Севка повалился на колени, упал. Подвернувшейся головой он ткнулся в то место, где секунду назад стояли сапоги Зукова. Пилотка съехала с его головы вперед и осталась лежать лодочкой на песке.
На макушке у Севки медленно распрямлялись длинные русые волосы. Он все не хотел стричься, все отращивал шевелюру «Под Маяковского». Часто причесывался, смачивал волосы водой, и чертыхался, прижимая вихры пилоткой. А в тот день, когда подарил Мухе пистолетик, волосы его были смазаны трофейным бриолином – как у американского фон-барона в белой манишке из фильмов Чаплина Чарли. Весь взвод над ним потешался, а Санька брата обнимал, облизывал ему затылок и фыркал, как кот.
Мертвые волосы Севки жили. Они поднимались, вырастали в жесткую щетку – какими и были на самом деле, как он их ни приневоливал ради фасона. На пояснице у Севки, чуть выше ремня, гимнастерка была прожжена пулей. Вокруг отверстия – коричневое пятно.
«Прости меня, Севка!» – кто-то сказал за нее у Мухи внутри. Она снова потянулась за пистолетом, уже спокойно припоминая, достаточно ли спустить предохранитель или надо затвор оттянуть.
Все дни в окружении пистолет у нее был на взводе. На взводе было подгоняемое прерывистым дыханием сердце. Но за вчерашний день в лесном лагере и после ночи детских снов на койке в бывшей школе ржавая пружина в ней ослабла. Даже сейчас, после выстрела генерала Зукова, глядя на шевелящиеся волосы Севкиной шевелюры, она не могла собраться в комок страха и злобы, как следует для боя, чтобы точно отражать и посылать смерть… Взведен или не взведен?
Командующий сделал еще шаг вправо. Муха смотрела на его сапоги, освещенные фарами «эмки». К высоким голенищам прилипли влажные травинки. Муха смотрела на крайнюю травинку – трилистник заячьей капусты. Она так подробно, так полно ощущала ее бархатистые мягкие листочки, острый салатный цвет, нежный свежий вкус с легкой кислинкой, что вдруг захотелось нагнуться и снять с вороненого сапога строенный листок, поднести к губам. Положить его под язык и закрыть глаза.

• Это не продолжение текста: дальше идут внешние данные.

lemma lipschitz_periodic_sampling_repeats:
  fixes V :: "real \<Rightarrow> real" and L B c :: real
  assumes "periodic1 V" and lipschitz: "\<And>s t. \<bar>V s - V t\<bar> \<le> L * \<bar>s - t\<bar>"
    and "\<omega> \<notin> \<rat>" and "beta_exp \<omega> > ereal c" and "0 < B" and "B\<^sup>2 < exp c"
  shows "\<exists>q\<ge>N. \<forall>\<theta> n. 32 * real q * B ^ (2 * q) *
           \<bar>V (\<theta> + real_of_int (n + int q) * \<omega>) - V (\<theta> + real_of_int n * \<omega>)\<bar> \<le> 1"
proof -
  have "0 \<le> L" using lipschitz[of 1 0] by simp
  obtain N0 where N0: "\<And>q. q \<ge> N0 \<Longrightarrow> 32 * L * real q * B ^ (2 * q) \<le> exp (c * real q)"
    using eventually_linear_times_power_le_exp[OF \<open>0 < B\<close> \<open>B\<^sup>2 < exp c\<close>, of "32 * L"]
    unfolding eventually_sequentially by blast
  obtain q and p :: int where "q \<ge> max N N0" and p: "exp (c * real q) * \<bar>real q * \<omega> - p\<bar> \<le> 1"
    using beta_exp_good_approximations[OF \<open>\<omega> \<notin> \<rat>\<close> \<open>beta_exp \<omega> > ereal c\<close>] by blast
  have "32 * real q * B ^ (2 * q) * \<bar>V (\<theta> + real_of_int (n + int q) * \<omega>) - V (\<theta> + real_of_int n * \<omega>)\<bar> \<le> 1"
    for \<theta> n
  proof -
    define t where "t = \<theta> + real_of_int n * \<omega>"
    have "V (\<theta> + real_of_int (n + int q) * \<omega>) = V (t + (real q * \<omega> - p))"
      using periodic1_add_int[OF \<open>periodic1 V\<close>, of "t + (real q * \<omega> - p)" p]
      by (simp add: t_def algebra_simps)
    then have "\<bar>V (\<theta> + real_of_int (n + int q) * \<omega>) - V t\<bar> \<le> L * \<bar>real q * \<omega> - p\<bar>"
      using lipschitz[of "t + (real q * \<omega> - p)" t] by simp
    then have "32 * real q * B ^ (2 * q) * \<bar>V (\<theta> + real_of_int (n + int q) * \<omega>) - V t\<bar>
        \<le> 32 * real q * B ^ (2 * q) * (L * \<bar>real q * \<omega> - p\<bar>)"
      by (rule mult_left_mono) (use \<open>0 < B\<close> in simp)
    also have "\<dots> = 32 * L * real q * B ^ (2 * q) * \<bar>real q * \<omega> - p\<bar>"
      by (simp add: mult_ac)
    also have "\<dots> \<le> exp (c * real q) * \<bar>real q * \<omega> - p\<bar>"
      using N0 \<open>q \<ge> max N N0\<close> by (intro mult_right_mono) auto
    finally show ?thesis using p by (simp add: t_def)
  qed
  then show ?thesis using \<open>q \<ge> max N N0\<close> by auto
qed
(* Let $T>0$, $H_T=(0,T)\times(0,\infty)$, $\tilde U\in C([0,T])$ with $\tilde U\le0$, and let $w\ge0$ be a classical solution of $$\partial_tw-w^2+\partial_y^{-1}(w+\tilde U)\,\partial_yw-2\tilde Uw+\int_{+\infty}^yw\,dy'-\partial_y^2w=0\ \text{ in }H_T,\qquad w|_{y=0}=-\tilde U(t),\quad\lim_{y\to+\infty}w=0,$$ with $\sup_{H_T}(|w|+|\partial_yw|)e^{y}<\infty$. Let $\rho$ be an admissible weight with constants $C_f,\beta$ and set $G(t)=\int_0^\infty\rho(y)w(t,y)dy$. Then for $t\in(0,T)$, $$\frac{dG}{dt}\ge\frac{2(1-\beta)}{\|\rho\|_{L^1(\mathbb R_+)}}G^2-\|\tilde U\|_{L^\infty([0,T])}(3+C_f)\,G.$$
   Context: $\partial_y^{-1}f(t,y):=\int_0^yf(t,y')dy'$. Admissible weight: $\rho:[0,\infty)\to[0,\infty)$, $\rho\in W^{2,\infty}(\mathbb R_+)\cap C^1(\mathbb R_+)\cap L^1(\mathbb R_+)$, with $\rho=f$ on $[0,B]$ and $\rho=g$ on $(B,\infty)$, for numbers $0<A<M_0<B<\infty$, functions $f\in C^1([0,B])\cap C^2([0,B]\setminus\{A\})$, $g\in C^2([M_0,\infty))\cap L^1([M_0,\infty))$, a cut-off $\eta\in C^\infty(\mathbb R)$ with $\eta=0$ on $(-\infty,M_0)$, $\eta=1$ on $(B,\infty)$, $0\le\eta'\le\frac{2}{B-M_0}$, and constants $C_f>0$, $\beta\in(0,1)$, such that: (F1) $f(0)=0$, $f>0$ on $(0,B]$; (F2) $yf'(y)\le C_ff(y)$ on $[0,B]$; (F3) $\int_0^yf\,dy'+f''(y)\ge0$ on $[0,B]\setminus\{A\}$; (F4) $f''\le0$ on $[0,B]\setminus\{A\}$; (G1) $\lim_{y\to\infty}g=\lim_{y\to\infty}g'=0$, $g>0$ on $(M_0,\infty)$; (G2) $g'<0$, $g''>0$ on $(M_0,\infty)$; (G3) $\frac{(g')^2}{gg''}\le\beta$ on $[B,\infty)$; (FG1) $f(B)=g(B)$, $f'(B)=g'(B)$; (FG2) $\eta\frac{(g')^2}{fg''}\le\beta$ and $2\eta'g'+\eta g''-f''\ge0$ on $[M_0,B]$. *)

theory Defs
  imports "HOL-Analysis.Analysis"
begin
definition k_precolored :: "nat \<Rightarrow> 'a pcgraph \<Rightarrow> bool" where
  "k_precolored k H \<longleftrightarrow> is_graph H \<and> card (dom (pcol H)) \<le> k"

definition proper_col :: "('a \<times> 'a) set \<Rightarrow> ('a \<Rightarrow> color option) \<Rightarrow> bool" where
  "proper_col E p \<longleftrightarrow> (\<forall>(u,v)\<in>E. \<forall>a b. p u = Some a \<longrightarrow> p v = Some b \<longrightarrow> a \<noteq> b)"

text \<open>A legal Spoiler move from partial coloring p: erase some colors (obtaining
  q below p as a map), then select a vertex v, such that after Duplicator colors v
  at most k vertices are colored.\<close>
definition legal_move :: "nat \<Rightarrow> 'a set \<Rightarrow> ('a \<Rightarrow> color option) \<Rightarrow> ('a \<Rightarrow> color option) \<Rightarrow> 'a \<Rightarrow> bool" where
  "legal_move k V p q v \<longleftrightarrow> q \<subseteq>\<^sub>m p \<and> v \<in> V \<and> card (insert v (dom q)) \<le> k"

fun spoiler_wins :: "nat \<Rightarrow> nat \<Rightarrow> 'a set \<Rightarrow> ('a \<times> 'a) set \<Rightarrow> ('a \<Rightarrow> color option) \<Rightarrow> bool" where
  "spoiler_wins k 0 V E p = (\<not> proper_col E p)"
| "spoiler_wins k (Suc r) V E p = (\<not> proper_col E p \<or>
     (\<exists>q v. legal_move k V p q v \<and> (\<forall>c. spoiler_wins k r V E (q(v \<mapsto> c)))))"

definition spoiler_wins_game :: "nat \<Rightarrow> nat \<Rightarrow> 'a pcgraph \<Rightarrow> bool" where
  "spoiler_wins_game k r H = spoiler_wins k r (verts H) (edges H) (pcol H)"
(* Let $K$ be a field, let $A$ be a finitely generated $K$-algebra that is a (right and left) Goldie domain, with quotient division algebra $Q(A)$, and let $E$ be a division subalgebra of $Q(A)$. If $Q(A)$ is infinite dimensional as a right $E$-vector space, then $AE$ is infinite dimensional as a right $E$-vector space.
   Context: $AE$ denotes the right $E$-subspace of $Q(A)$ consisting of finite sums $\sum a_ie_i$ with $a_i\in A$, $e_i\in E$. A Goldie domain has a classical (Ore) quotient division algebra $Q(A)$, in which every finite set of elements has a common left denominator from $A$. *)

theory Defs
  imports Main
begin

text \<open>Everything lives inside a division ring D (a type of class division_ring),
which plays the role of Q(A). Subsets of D model K, A and E.\<close>

definition subring :: "'a::ring_1 set \<Rightarrow> bool" where
  "subring B \<longleftrightarrow> 0 \<in> B \<and> 1 \<in> B \<and> (\<forall>x\<in>B. \<forall>y\<in>B. x + y \<in> B \<and> x * y \<in> B) \<and> (\<forall>x\<in>B. - x \<in> B)"

definition division_subring :: "'a::division_ring set \<Rightarrow> bool" where
  "division_subring E \<longleftrightarrow> subring E \<and> (\<forall>x\<in>E. inverse x \<in> E)"

text \<open>K is a (commutative) subfield lying in the centre of D; this is how the
structure map of the K-algebra A (and of Q(A)) is modelled.\<close>
definition central_subfield :: "'a::division_ring set \<Rightarrow> bool" where
  "central_subfield K \<longleftrightarrow> division_subring K \<and> (\<forall>k\<in>K. \<forall>x. k * x = x * k)"

definition gen_algebra :: "'a::ring_1 set \<Rightarrow> 'a set \<Rightarrow> 'a set" where
  "gen_algebra K S = \<Inter>{B. subring B \<and> K \<subseteq> B \<and> S \<subseteq> B}"

definition finitely_generated_algebra :: "'a::ring_1 set \<Rightarrow> 'a set \<Rightarrow> bool" where
  "finitely_generated_algebra K A \<longleftrightarrow> (\<exists>S. finite S \<and> A = gen_algebra K S)"

definition right_ideal :: "'a::ring_1 set \<Rightarrow> 'a set \<Rightarrow> bool" where
  "right_ideal A I \<longleftrightarrow> I \<subseteq> A \<and> 0 \<in> I \<and> (\<forall>x\<in>I. \<forall>y\<in>I. x + y \<in> I) \<and> (\<forall>x\<in>I. - x \<in> I)
     \<and> (\<forall>x\<in>I. \<forall>a\<in>A. x * a \<in> I)"

definition left_ideal :: "'a::ring_1 set \<Rightarrow> 'a set \<Rightarrow> bool" where
  "left_ideal A I \<longleftrightarrow> I \<subseteq> A \<and> 0 \<in> I \<and> (\<forall>x\<in>I. \<forall>y\<in>I. x + y \<in> I) \<and> (\<forall>x\<in>I. - x \<in> I)
     \<and> (\<forall>x\<in>I. \<forall>a\<in>A. a * x \<in> I)"

definition right_annihilator :: "'a::ring_1 set \<Rightarrow> 'a set \<Rightarrow> 'a set" where
  "right_annihilator A X = {a\<in>A. \<forall>x\<in>X. x * a = 0}"

definition left_annihilator :: "'a::ring_1 set \<Rightarrow> 'a set \<Rightarrow> 'a set" where
  "left_annihilator A X = {a\<in>A. \<forall>x\<in>X. a * x = 0}"

definition independent_family :: "(nat \<Rightarrow> 'a::ring_1 set) \<Rightarrow> bool" where
  "independent_family I \<longleftrightarrow>
     (\<forall>n x. (\<forall>i<n. x i \<in> I i) \<and> (\<Sum>i<n. x i) = 0 \<longrightarrow> (\<forall>i<n. x i = 0))"

text \<open>Right Goldie: ACC on right annihilators and finite right uniform dimension
(no infinite direct sum of nonzero right ideals). Similarly on the left.\<close>
definition right_goldie :: "'a::ring_1 set \<Rightarrow> bool" where
  "right_goldie A \<longleftrightarrow>
     \<not> (\<exists>X :: nat \<Rightarrow> 'a set. (\<forall>n. X n \<subseteq> A) \<and>
           (\<forall>n. right_annihilator A (X n) \<subset> right_annihilator A (X (Suc n)))) \<and>
     \<not> (\<exists>I :: nat \<Rightarrow> 'a set. (\<forall>n. right_ideal A (I n) \<and> I n \<noteq> {0}) \<and> independent_family I)"

definition left_goldie :: "'a::ring_1 set \<Rightarrow> bool" where
  "left_goldie A \<longleftrightarrow>
     \<not> (\<exists>X :: nat \<Rightarrow> 'a set. (\<forall>n. X n \<subseteq> A) \<and>
           (\<forall>n. left_annihilator A (X n) \<subset> left_annihilator A (X (Suc n)))) \<and>
     \<not> (\<exists>I :: nat \<Rightarrow> 'a set. (\<forall>n. left_ideal A (I n) \<and> I n \<noteq> {0}) \<and> independent_family I)"

text \<open>A subring of a division ring is automatically a domain.\<close>
definition classical_quotient_ring_of :: "'a::division_ring set \<Rightarrow> bool" where
  "classical_quotient_ring_of A \<longleftrightarrow>
     (\<forall>q. \<exists>a\<in>A. \<exists>b\<in>A. b \<noteq> 0 \<and> q = a * inverse b) \<and>
     (\<forall>q. \<exists>a\<in>A. \<exists>b\<in>A. b \<noteq> 0 \<and> q = inverse b * a)"

definition right_span :: "'a::ring_1 set \<Rightarrow> 'a set \<Rightarrow> 'a set" where
  "right_span E S = {(\<Sum>x\<in>F. x * c x) | F c. finite F \<and> F \<subseteq> S \<and> c ` F \<subseteq> E}"

definition right_fin_dim :: "'a::ring_1 set \<Rightarrow> 'a set \<Rightarrow> bool" where
  "right_fin_dim E V \<longleftrightarrow> (\<exists>F. finite F \<and> F \<subseteq> V \<and> V \<subseteq> right_span E F)"

end

theory Submission
  imports Defs
begin

text \<open>Write q = b^-1 a with a, b \<in> A. If AE is finite dimensional, the elements b^i a
  (all lying in A) satisfy a nontrivial right E-linear relation. Cancelling the lowest power
  of b occurring in it gives a c + b w = 0 with c \<in> E nonzero and w \<in> AE, so q = - w c^-1 \<in> AE.
  Hence AE = Q(A), which is infinite dimensional. Only the left fractions of Q(A) are needed;
  neither the Goldie conditions nor finite generation play a role.\<close>

lemma subring_closed:
  assumes "subring B"
  shows subring_zero: "0 \<in> B" and subring_one: "1 \<in> B"
    and subring_add: "x \<in> B \<Longrightarrow> y \<in> B \<Longrightarrow> x + y \<in> B"
    and subring_mult: "x \<in> B \<Longrightarrow> y \<in> B \<Longrightarrow> x * y \<in> B"
    and subring_uminus: "x \<in> B \<Longrightarrow> - x \<in> B"
  using assms unfolding subring_def by auto

lemma subring_power: "subring B \<Longrightarrow> b \<in> B \<Longrightarrow> b ^ i \<in> B"
  by (induction i) (auto intro: subring_one subring_mult)

lemma subring_sum:
  assumes "subring B" "\<And>i. i \<in> I \<Longrightarrow> g i \<in> B"
  shows "sum g I \<in> B"
  using assms(2)
  by (induction I rule: infinite_finite_induct)
    (auto intro: subring_zero[OF assms(1)] subring_add[OF assms(1)])

lemma division_subring_inverse: "division_subring E \<Longrightarrow> x \<in> E \<Longrightarrow> inverse x \<in> E"
  unfolding division_subring_def by blast

lemma division_subring_subring: "division_subring E \<Longrightarrow> subring E"
  unfolding division_subring_def by blast

lemma sum_lessThan_add: "(\<Sum>k<m + n. g k) = (\<Sum>k<m. g k) + (\<Sum>i<n. g (m + i))"
  for g :: "nat \<Rightarrow> 'b::comm_monoid_add"
  by (induction n) (auto simp: add.assoc)

lemma right_spanI:
  assumes "finite F" "F \<subseteq> S" "c ` F \<subseteq> E"
  shows "(\<Sum>x\<in>F. x * c x) \<in> right_span E S"
  unfolding right_span_def using assms by blast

От этого ей стало смешно. Напрягся низ живота, смех вскинулся к горлу, и Муха выдохнула короткое утробное ворчанье. Вздрогнула
А потом она все поняла. Волосы-то у Севки шевелятся, так? Значит, он живой, только притворяется. И командующий генерал Зуков притворяется, конечно. Патрончики-то у него в нагане холостые, как пить дать. А гимнастерку на спине Севка порвал в лесу, когда драпали бегом с просеки, где остался смотреть в небо черным своим третьим ненужным глазом убитый Мухой немецкий патрульный офицер с красивым, ни в чем не виноватым ухом – и родинка на мочке такая миниатюрная.
Муха вышла из строя. Наступила сапогом на откинутую руку Севки. Он не шевелился.
– Вставай, поднимайся, рабочий народ! – приказала она. – Ну, ладно тебе, мудило, вставай! Пошутили – и хватит. Уже и не смешно даже! Давай-ка, а то Вальтер Иванович заругает. Слышь? Вставай, вставай, засранец! Товарищ генерал, ну прикажите же ему, бляха-муха!…
Она обернулась к Зукову, вскинула на шутника смеющиеся синие очи. Выгнув кокетливо шею и спину, отклячив тощий зад.
Командующий смотрел на Севку. Рот у него был открыт. Отвисшая треугольная челюсть со вмятиной в середине подбородка, дрожа и срываясь с шарниров, выжевывала хрипящие, шершавые обрывки ругательств.
– Товарищ генерал! – Муха метнула в него искоса убойный взгляд записной кокетки трехлетней, выклянчивающей конфетку с праздничного стола. – Ну же, дядька Зуков, еж твою двадцать!…
Лицо его разом выбелилось и стало сразу же буреть, как бы набирая под лиловой кожей подспудный взрывной багрянец. И так медленно-медленно, словно вздымал он на плечи непомерную тяжесть, командующий подымал голову, все не отрывая взгляда от узкой спины пробитого им насквозь. Но вот, столь же неспешно и томительно, уже пунцовый лицом, как в хорошей баньке после седьмого пара, он стал поднимать свои набухшие веки на Муху.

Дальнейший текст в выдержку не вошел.